> _Records for processing_:
lemma mat2_mod_eq_one_imp_one_plus_smult:
  fixes A :: "nat mat2"
  assumes "2 \<le> m" "mat2_mod m A = mat2_mod m 1"
  shows "A = 1 + map_mat2 ((*) m) (map_mat2 (\<lambda>x. x div m) A)"
proof (cases A)
  case (Mat2 a b c d)
  then have "a mod m = 1" "b mod m = 0" "c mod m = 0" "d mod m = 1"
    using assms by (simp_all add: mat2_mod_def one_mat2_def)
  then show ?thesis
    using mod_mult_div_eq[of a m] mod_mult_div_eq[of b m] mod_mult_div_eq[of c m] mod_mult_div_eq[of d m]
    by (simp add: Mat2 one_mat2_def)
qed

definition exact_level :: "nat \<Rightarrow> nat mat2 \<Rightarrow> bool" where
  "exact_level k A \<longleftrightarrow>
     mat2_mod (2 ^ k) A = mat2_mod (2 ^ k) 1 \<and> mat2_mod (2 ^ (k + 1)) A \<noteq> mat2_mod (2 ^ (k + 1)) 1"

lemma exact_level_one_plus_smult:
  "exact_level k (1 + map_mat2 ((*) (2 ^ k)) X) \<longleftrightarrow> mat2_mod 2 X \<noteq> 0"
  using mat2_mod_one_plus_smult_eq_one_iff[of "2 ^ k" 1 X]
    mat2_mod_one_plus_smult_eq_one_iff[of "2 ^ k" 2 X] mat2_mod_by_1[of X]
  by (simp add: exact_level_def mult.commute)

lemma exact_level_square:
  assumes "2 \<le> k" "exact_level k A"
  shows "exact_level (k + 1) (A\<^sup>2)"
proof -
  obtain i where i: "k = i + 2" using assms(1) le_Suc_ex by (metis add.commute)
  define X where "X = map_mat2 (\<lambda>x. x div 2 ^ k) A"
  have "(2::nat) \<le> 2 ^ k" by (simp add: i)
  then have A: "A = 1 + map_mat2 ((*) (2 ^ k)) X"
    using assms(2) mat2_mod_eq_one_imp_one_plus_smult unfolding exact_level_def X_def by blast
  then have X: "mat2_mod 2 X \<noteq> 0"
    using assms(2) exact_level_one_plus_smult by simp
  have k: "(2::nat) ^ k = 2 * (2 * 2 ^ i)" "(4::nat) * (2 * 2 ^ i) = 2 ^ (k + 1)"
    by (simp_all add: i)
  have "A\<^sup>2 = 1 + map_mat2 ((*) (2 ^ (k + 1))) (X + map_mat2 ((*) (2 * 2 ^ i)) (X * X))"
    unfolding A k(1) one_plus_smult_squared k(2) ..
  moreover have "mat2_mod 2 (X + map_mat2 ((*) (2 * 2 ^ i)) (X * X)) = mat2_mod 2 X"
    by (rule mat2_mod_add_smult) simp
  ultimately show ?thesis
    using X exact_level_one_plus_smult[of "k + 1"] by simp
qed

lemma exact_level_power_two:
  assumes "2 \<le> k" "exact_level k A"
  shows "exact_level (k + j) (A ^ 2 ^ j)"
proof (induction j)
  case 0
  show ?case using assms(2) by simp
next
  case (Suc j)
  have "exact_level (k + j + 1) ((A ^ 2 ^ j)\<^sup>2)"
    using exact_level_square[OF _ Suc] assms(1) by simp
  then show ?case by (simp add: mult.commute flip: power_mult)
qed

lemma exact_level_exists:
  assumes "A \<noteq> 1" "mat2_mod (2 ^ e) A = mat2_mod (2 ^ e) 1"
  shows "\<exists>k \<ge> e. exact_level k A"
proof -
  define P where "P i \<longleftrightarrow> mat2_mod (2 ^ (e + i)) A \<noteq> mat2_mod (2 ^ (e + i)) 1" for i
  define s where "s = m11 A + m12 A + m21 A + m22 A + 2"
  have "s < 2 ^ s" by simp
  also have "\<dots> \<le> 2 ^ (e + s)" by simp
  finally have "P s"
    using assms(1) mat2_mod_eq_self[of A "2 ^ (e + s)"] mat2_mod_eq_self[of 1 "2 ^ (e + s)"]
    by (simp add: P_def s_def one_mat2_def)
  moreover have "\<not> P 0" using assms(2) by (simp add: P_def)
  ultimately obtain i where "\<forall>i' \<le> i. \<not> P i'" "P (Suc i)"
    using ex_least_nat_less by blast
  then have "exact_level (e + i) A" by (simp add: P_def exact_level_def)
  then show ?thesis by (intro exI[of _ "e + i"]) simp
qed

lemma mat2_order_two_power:
  assumes "2 \<le> k" "M dvd 2 ^ k" "exact_level k (A ^ mat2_order M A)"
  shows "mat2_order (2 ^ (k + j)) A = 2 ^ j * mat2_order M A"
proof -
  let ?n = "mat2_order M A" and ?T = "mat2_order (2 ^ (k + j)) A"
  have level: "exact_level (k + i) (A ^ (2 ^ i * ?n))" for i
    using exact_level_power_two[OF assms(1,3)] by (simp add: mult.commute power_mult)
  have "?n \<noteq> 0"
  proof
    assume "?n = 0"
    with assms(3) show False by (simp add: exact_level_def)
  qed
  moreover have "mat2_mod M (A ^ ?n) = mat2_mod M 1"
    using assms(3) unfolding exact_level_def by (blast intro: mat2_mod_eq_one_dvd[OF _ assms(2)])
  ultimately have order_M: "mat2_mod M (A ^ m) = mat2_mod M 1 \<longleftrightarrow> ?n dvd m" for m
    by (intro mat2_mod_power_eq_one_iff) simp_all
  have "mat2_mod (2 ^ (k + j)) (A ^ (2 ^ j * ?n)) = mat2_mod (2 ^ (k + j)) 1"
    using level[of j] by (simp add: exact_level_def)
  moreover have "0 < 2 ^ j * ?n" using \<open>?n \<noteq> 0\<close> by simp
  ultimately have order: "mat2_mod (2 ^ (k + j)) (A ^ m) = mat2_mod (2 ^ (k + j)) 1 \<longleftrightarrow> ?T dvd m" for m
    by (rule mat2_mod_power_eq_one_iff[rotated])
  have "M dvd 2 ^ (k + j)"
    using assms(2) by (simp add: power_add)
  then have "?n dvd ?T"
    using order[of ?T] order_M[of ?T] mat2_mod_eq_one_dvd[of "2 ^ (k + j)" "A ^ ?T" M] by simp
  then obtain t where t: "?T = ?n * t" ..
  have "t dvd 2 ^ j"
    using order[of "2 ^ j * ?n"] level[of j] \<open>?n \<noteq> 0\<close> by (simp add: t exact_level_def mult.commute)
  then obtain i where i: "i \<le> j" "t = 2 ^ i"
    by (auto simp: divides_primepow_nat)
  have "i = j"
  proof (rule ccontr)
    assume "i \<noteq> j"
    then have "2 ^ (k + i + 1) dvd (2 ^ (k + j) :: nat)"
      using i(1) by (intro le_imp_power_dvd) simp
    moreover have "mat2_mod (2 ^ (k + j)) (A ^ (2 ^ i * ?n)) = mat2_mod (2 ^ (k + j)) 1"
      using order t i by simp
    ultimately show False
      using level[of i] mat2_mod_eq_one_dvd[of "2 ^ (k + j)" "A ^ (2 ^ i * ?n)"]
      unfolding exact_level_def by simp
  qed
  then show ?thesis using t i by simp
qed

> _Task statement_:
All lines that hold the word "thesis" should be copied from the data.

> _Answer space_:
  then show ?thesis
  ultimately show ?thesis
  then show ?thesis by (intro exI[of _ "e + i"]) simp
  then show ?thesis using t i by simp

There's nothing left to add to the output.